3. The fly-by-wire civil aircraft stall test method based on high angle-of-attack protection function according to claim 1, characterized in that, In step 3, during the operation under the auxiliary control law, the lever is stabilized and corrected in time before the force of the lever approaches unacceptable severe vibration.

4. The fly-by-wire civil aircraft stall test method based on high angle-of-attack protection function according to claim 1, characterized in that, During the execution of step 3, when determining the maximum angle of attack value for high angle of attack protection, the aircraft is most prone to dangerous high vibration characteristics.

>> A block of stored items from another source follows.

(* Let $\Phi$ be a Young function with $\Phi,\widetilde\Phi\in\Delta_2$, $\Phi(t)=\int_0^t\phi$, $Q\subset\mathbb{R}^N$ bounded open, $\{T(x)\}$ an $N$-dimensional dynamical system on $(\Omega,\mathscr{M},\mu)$, and $f$ satisfying (H$_1$)–(H$_3$). Then for every $\mathbf v\in[\mathcal{C}^\infty(\Omega)\otimes\mathcal{C}(\overline Q;\mathbb{R})]^N$, $$\lim_{\epsilon\to0}\iint_{Q\times\Omega}f(T(\epsilon^{-1}x)\omega,\mathbf v(x,T(\epsilon^{-1}x)\omega))\,dx\,d\mu=\iint_{Q\times\Omega}f(\omega,\mathbf v(x,\omega))\,dx\,d\mu.$$ Furthermore the map $\mathbf v\mapsto f(\cdot,\mathbf v)$, $f(\cdot,\mathbf v)(x,\omega)=f(\omega,\mathbf v(x,\omega))$, from $[\mathcal{C}^\infty(\Omega)\otimes\mathcal{C}(\overline Q;\mathbb{R})]^N$ into $L^1(Q\times\Omega)$ extends by continuity to a map $[L^\Phi(Q\times\Omega)]^N\to L^1(Q\times\Omega)$, and there is $c>0$ such that for all $\mathbf v,\mathbf w\in[L^\Phi(Q\times\Omega)]^N$, $$\|f(\cdot,\mathbf v)-f(\cdot,\mathbf w)\|_{L^1(Q\times\Omega)}\le c\big(\|1\|_{L^{\widetilde\Phi}(Q\times\Omega)}+\|\phi(1+|\mathbf v|+|\mathbf w|)\|_{L^{\widetilde\Phi}(Q\times\Omega)}\big)\|\mathbf v-\mathbf w\|_{L^\Phi(Q\times\Omega)^N}.$$
   Context: Young function $\Phi=\int_0^t\phi$ ($\phi$ nondecreasing, right continuous, $\phi(0)=0$), conjugate $\widetilde\Phi(t)=\sup_{s\ge0}(st-\Phi(s))$, $\Delta_2$: $\Phi(2t)\le k\Phi(t)$ for $t\ge t_0$; standing assumption $\Phi,\widetilde\Phi\in\Delta'$. Luxemburg norms, $L^\Phi(Q\times\Omega)^N$ normed by sum of component norms. $N$-dimensional dynamical system: invertible bimeasurable maps $T(x)$ of the probability space $(\Omega,\mathscr{M},\mu)$, $T(0)=\mathrm{id}$, group property, $\mu$-preserving, jointly measurable. (H$_1$) $f(\cdot,\lambda)$ measurable for all $\lambda$; (H$_2$) $f(\omega,\cdot)$ strictly convex for a.e. $\omega$; (H$_3$) $c_1\Phi(|\lambda|)\le f(\omega,\lambda)\le c_2(1+\Phi(|\lambda|))$ for all $\lambda$, a.e. $\omega$. $\mathcal{C}^\infty(\Omega)$: elements of $L^\infty(\Omega)$ all of whose iterated stochastic derivatives (strong $L^\infty$-limits of $(f\circ T(te_i)-f)/t$) exist in $L^\infty(\Omega)$; $\mathcal{C}^\infty(\Omega)\otimes\mathcal{C}(\overline Q;\mathbb{R})$: finite sums of products $\psi(\omega)\varphi(x)$. *)

theory Defs
  imports "HOL-Analysis.Analysis" "HOL-Probability.Probability"
begin

definition young_function :: "(real \<Rightarrow> real) \<Rightarrow> (real \<Rightarrow> real) \<Rightarrow> bool" where
  "young_function \<phi> \<Phi> \<longleftrightarrow>
     mono_on {0..} \<phi> \<and>
     (\<forall>t\<ge>0. continuous (at_right t) \<phi>) \<and>
     \<phi> 0 = 0 \<and>
     (\<forall>t>0. \<phi> t > 0) \<and>
     filterlim \<phi> at_top at_top \<and>
     (\<forall>t\<ge>0. \<Phi> t = integral {0..t} \<phi>)"

definition young_conj :: "(real \<Rightarrow> real) \<Rightarrow> real \<Rightarrow> real" where
  "young_conj \<Phi> t = (SUP s\<in>{0..}. s * t - \<Phi> s)"

definition Delta2 :: "(real \<Rightarrow> real) \<Rightarrow> bool" where
  "Delta2 \<Phi> \<longleftrightarrow> (\<exists>k>0. \<exists>t0\<ge>0. \<forall>t\<ge>t0. \<Phi> (2 * t) \<le> k * \<Phi> t)"

definition Delta' :: "(real \<Rightarrow> real) \<Rightarrow> bool" where
  "Delta' \<Phi> \<longleftrightarrow> (\<exists>k>0. \<exists>t0\<ge>0. \<forall>t\<ge>t0. \<forall>s\<ge>t0. \<Phi> (t * s) \<le> k * \<Phi> t * \<Phi> s)"

definition orlicz :: "'a measure \<Rightarrow> (real \<Rightarrow> real) \<Rightarrow> ('a \<Rightarrow> real) set" where
  "orlicz X \<Phi> = {u \<in> borel_measurable X.
      \<exists>k>0. (\<integral>\<^sup>+ z. ennreal (\<Phi> (\<bar>u z\<bar> / k)) \<partial>X) < \<infinity>}"

definition lux_norm :: "'a measure \<Rightarrow> (real \<Rightarrow> real) \<Rightarrow> ('a \<Rightarrow> real) \<Rightarrow> real" where
  "lux_norm X \<Phi> u = Inf {k. k > 0 \<and> (\<integral>\<^sup>+ z. ennreal (\<Phi> (\<bar>u z\<bar> / k)) \<partial>X) \<le> 1}"

definition lux_normN :: "'a measure \<Rightarrow> (real \<Rightarrow> real) \<Rightarrow> ('a \<Rightarrow> real ^ 'n) \<Rightarrow> real" where
  "lux_normN X \<Phi> v = (\<Sum>i\<in>UNIV. lux_norm X \<Phi> (\<lambda>z. v z $ i))"

definition orliczN :: "'a measure \<Rightarrow> (real \<Rightarrow> real) \<Rightarrow> ('a \<Rightarrow> real ^ 'n::finite) set" where
  "orliczN X \<Phi> = {v. \<forall>i. (\<lambda>z. v z $ i) \<in> orlicz X \<Phi>}"

definition dynamical_system :: "'w measure \<Rightarrow> (real ^ 'n \<Rightarrow> 'w \<Rightarrow> 'w) \<Rightarrow> bool" where
  "dynamical_system M T \<longleftrightarrow>
     (\<forall>x. T x \<in> M \<rightarrow>\<^sub>M M) \<and>
     (\<forall>x. bij_betw (T x) (space M) (space M)) \<and>
     (\<forall>x. \<forall>A\<in>sets M. (\<lambda>\<omega>. T x \<omega>) ` A \<in> sets M) \<and>
     (\<forall>\<omega>\<in>space M. T 0 \<omega> = \<omega>) \<and>
     (\<forall>x y. \<forall>\<omega>\<in>space M. T (x + y) \<omega> = T x (T y \<omega>)) \<and>
     (\<forall>x. distr M M (T x) = M) \<and>
     (\<lambda>p. T (fst p) (snd p)) \<in> (lborel \<Otimes>\<^sub>M M) \<rightarrow>\<^sub>M M"

definition Linf :: "'w measure \<Rightarrow> ('w \<Rightarrow> real) set" where
  "Linf M = {u \<in> borel_measurable M. \<exists>C. AE \<omega> in M. \<bar>u \<omega>\<bar> \<le> C}"

definition stoch_deriv ::
  "'w measure \<Rightarrow> (real ^ 'n \<Rightarrow> 'w \<Rightarrow> 'w) \<Rightarrow> 'n \<Rightarrow> ('w \<Rightarrow> real) \<Rightarrow> ('w \<Rightarrow> real) \<Rightarrow> bool" where
  "stoch_deriv M T i u g \<longleftrightarrow> u \<in> Linf M \<and> g \<in> Linf M \<and>
     ((\<lambda>t. esssup M (\<lambda>\<omega>. ereal \<bar>(u (T (t *\<^sub>R axis i 1) \<omega>) - u \<omega>) / t - g \<omega>\<bar>))
        \<longlongrightarrow> 0) (at 0)"

inductive iter_sderiv ::
  "'w measure \<Rightarrow> (real ^ 'n \<Rightarrow> 'w \<Rightarrow> 'w) \<Rightarrow> 'n list \<Rightarrow> ('w \<Rightarrow> real) \<Rightarrow> ('w \<Rightarrow> real) \<Rightarrow> bool"
  for M T where
  Nil: "u \<in> Linf M \<Longrightarrow> iter_sderiv M T [] u u"
| Cons: "stoch_deriv M T i u g \<Longrightarrow> iter_sderiv M T is g h \<Longrightarrow> iter_sderiv M T (i # is) u h"

definition Cinf :: "'w measure \<Rightarrow> (real ^ 'n \<Rightarrow> 'w \<Rightarrow> 'w) \<Rightarrow> ('w \<Rightarrow> real) set" where
  "Cinf M T = {u \<in> Linf M. \<forall>is. \<exists>h. iter_sderiv M T is u h}"

definition tensor_space ::
  "'w measure \<Rightarrow> (real ^ 'n \<Rightarrow> 'w \<Rightarrow> 'w) \<Rightarrow> (real ^ 'n) set \<Rightarrow> ((real ^ 'n) \<times> 'w \<Rightarrow> real) set" where
  "tensor_space M T Q = {v. \<exists>(K::nat) \<psi> \<phi>.
      (\<forall>k<K. \<psi> k \<in> Cinf M T \<and> continuous_on (closure Q) (\<phi> k)) \<and>
      (\<forall>x\<in>closure Q. \<forall>\<omega>\<in>space M. v (x, \<omega>) = (\<Sum>k<K. \<psi> k \<omega> * \<phi> k x))}"

definition tensor_spaceN ::
  "'w measure \<Rightarrow> (real ^ 'n \<Rightarrow> 'w \<Rightarrow> 'w) \<Rightarrow> (real ^ 'n) set \<Rightarrow> ((real ^ 'n) \<times> 'w \<Rightarrow> real ^ 'n) set" where
  "tensor_spaceN M T Q = {v. \<forall>i. (\<lambda>z. v z $ i) \<in> tensor_space M T Q}"

definition strictly_convex :: "('a::real_vector \<Rightarrow> real) \<Rightarrow> bool" where
  "strictly_convex g \<longleftrightarrow> (\<forall>x y t. x \<noteq> y \<and> 0 < t \<and> t < 1 \<longrightarrow>
      g ((1 - t) *\<^sub>R x + t *\<^sub>R y) < (1 - t) * g x + t * g y)"

end

theory Submission
  imports Defs
begin

text \<open>Since each \<open>T(x)\<close> preserves \<open>\<mu>\<close>, Fubini shows that
  \<open>(x, \<omega>) \<mapsto> (x, T(x/\<epsilon>) \<omega>)\<close> preserves the measure on \<open>Q \<times> \<Omega>\<close>, so the integrals
  in the limit do not depend on \<open>\<epsilon>\<close> at all.

  For the extension, off a \<open>\<mu>\<close>-null set \<open>f(\<omega>, \<cdot>)\<close> is convex, nonnegative and bounded
  by \<open>c\<^sub>2 (1 + \<Phi>(|\<lambda>|))\<close> (checked on a countable dense set, then extended by
  continuity). Convexity along the line through \<open>\<lambda>\<close> and \<open>\<lambda>'\<close>, together with
  \<open>\<Phi>(t) \<le> t \<phi>(t)\<close> and the \<open>\<Delta>\<^sub>2\<close> bound \<open>\<phi>(2t) \<le> A \<phi>(t) + C\<close>, yields
  \<open>|f(\<omega>,\<lambda>) - f(\<omega>,\<lambda>')| \<le> c (1 + \<phi>(1 + |\<lambda>| + |\<lambda>'|)) |\<lambda> - \<lambda>'|\<close>.
  The Hoelder inequality pairing \<open>L\<^sup>\<Phi>\<close> with the Orlicz class of \<open>young_conj \<Phi>\<close>
  turns this into the stated \<open>L\<^sup>1\<close> estimate; \<open>\<phi>(1 + |v| + |w|)\<close> lies in that class
  because \<open>young_conj \<Phi> (\<phi> t) \<le> \<Phi> (2 t)\<close>, and its Luxemburg norm stays bounded
  along a convergent sequence, which gives continuity of the extension.\<close>

section \<open>Young functions\<close>

locale young =
  fixes \<phi> \<Phi> :: "real \<Rightarrow> real"
  assumes young_function: "young_function \<phi> \<Phi>"
begin

lemma phi_mono: "0 \<le> x \<Longrightarrow> x \<le> y \<Longrightarrow> \<phi> x \<le> \<phi> y"
  using young_function unfolding young_function_def by (auto intro: mono_onD)

lemma phi_0 [simp]: "\<phi> 0 = 0"
  using young_function unfolding young_function_def by simp

lemma phi_nonneg: "0 \<le> t \<Longrightarrow> 0 \<le> \<phi> t"
  using phi_mono[of 0 t] by simp

lemma phi_at_top: "filterlim \<phi> at_top at_top"
  using young_function unfolding young_function_def by simp
theorem lemma3p7:
  fixes K2 :: real
  assumes K2_pos: "K2 > 0"
    and K2_bound: "\<And>g. g holomorphic_on ball 0 1 \<Longrightarrow> g ` ball 0 1 \<subseteq> sectorG \<Longrightarrow>
           L2_norm_sq_disk g \<le> ennreal ((K2 * cmod (g 0))\<^sup>2)"
  shows "\<And>(z0::complex) (r::real) f. r > 0 \<Longrightarrow> f holomorphic_on ball z0 r \<Longrightarrow>
           f ` ball z0 r \<subseteq> sectorG \<Longrightarrow>
           area_measure {z \<in> ball z0 r. Re (f z) > Re (f z0) / 2}
             \<ge> ennreal (1 / (8 * K2\<^sup>2)) * area_measure (ball z0 r)"
proof -
  fix z0 :: complex and r :: real and f :: "complex \<Rightarrow> complex"
  assume r: "r > 0" and f: "f holomorphic_on ball z0 r" and fG: "f ` ball z0 r \<subseteq> sectorG"
  define A where "A = {z \<in> ball z0 r. Re (f z) > Re (f z0) / 2}"
  have "r\<^sup>2 * (pi / (8 * K2\<^sup>2)) \<le> measure lborel A"
    unfolding A_def by (rule measure_superlevel_ball[OF K2_pos K2_bound r f fG])
  then have "1 / (8 * K2\<^sup>2) * r\<^sup>2 \<le> measure lborel A / pi"
    by (simp add: field_simps)
  then have "ennreal (1 / (8 * K2\<^sup>2)) * ennreal (r\<^sup>2) \<le> ennreal (measure lborel A / pi)"
    by (simp add: ennreal_mult'[symmetric] ennreal_leI)
  moreover have "bounded A"
    by (rule bounded_subset[OF bounded_ball]) (auto simp: A_def)
  ultimately show "area_measure A \<ge> ennreal (1 / (8 * K2\<^sup>2)) * area_measure (ball z0 r)"
    using r by (simp only: area_measure_eq_measure area_measure_ball less_imp_le)
qed

end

5. The fly-by-wire civil aircraft stall test method based on high angle-of-attack protection function according to claim 1, characterized in that, Step 4 includes: Based on the angle-of-attack operating range of the high angle-of-attack protection function determined in step 3 above, stall verification test flights are conducted for various flight scenarios to ensure that the aircraft no longer exhibits high vibration characteristics within the high angle-of-attack protection operating range.

6. The fly-by-wire civil aircraft stall test method based on high angle-of-attack protection function according to any one of claims 1 to 5, characterized in that, During the stall test flight of the aforementioned fly-by-wire civil aircraft, the ability to identify risks is required, and corresponding risk mitigation measures must be provided.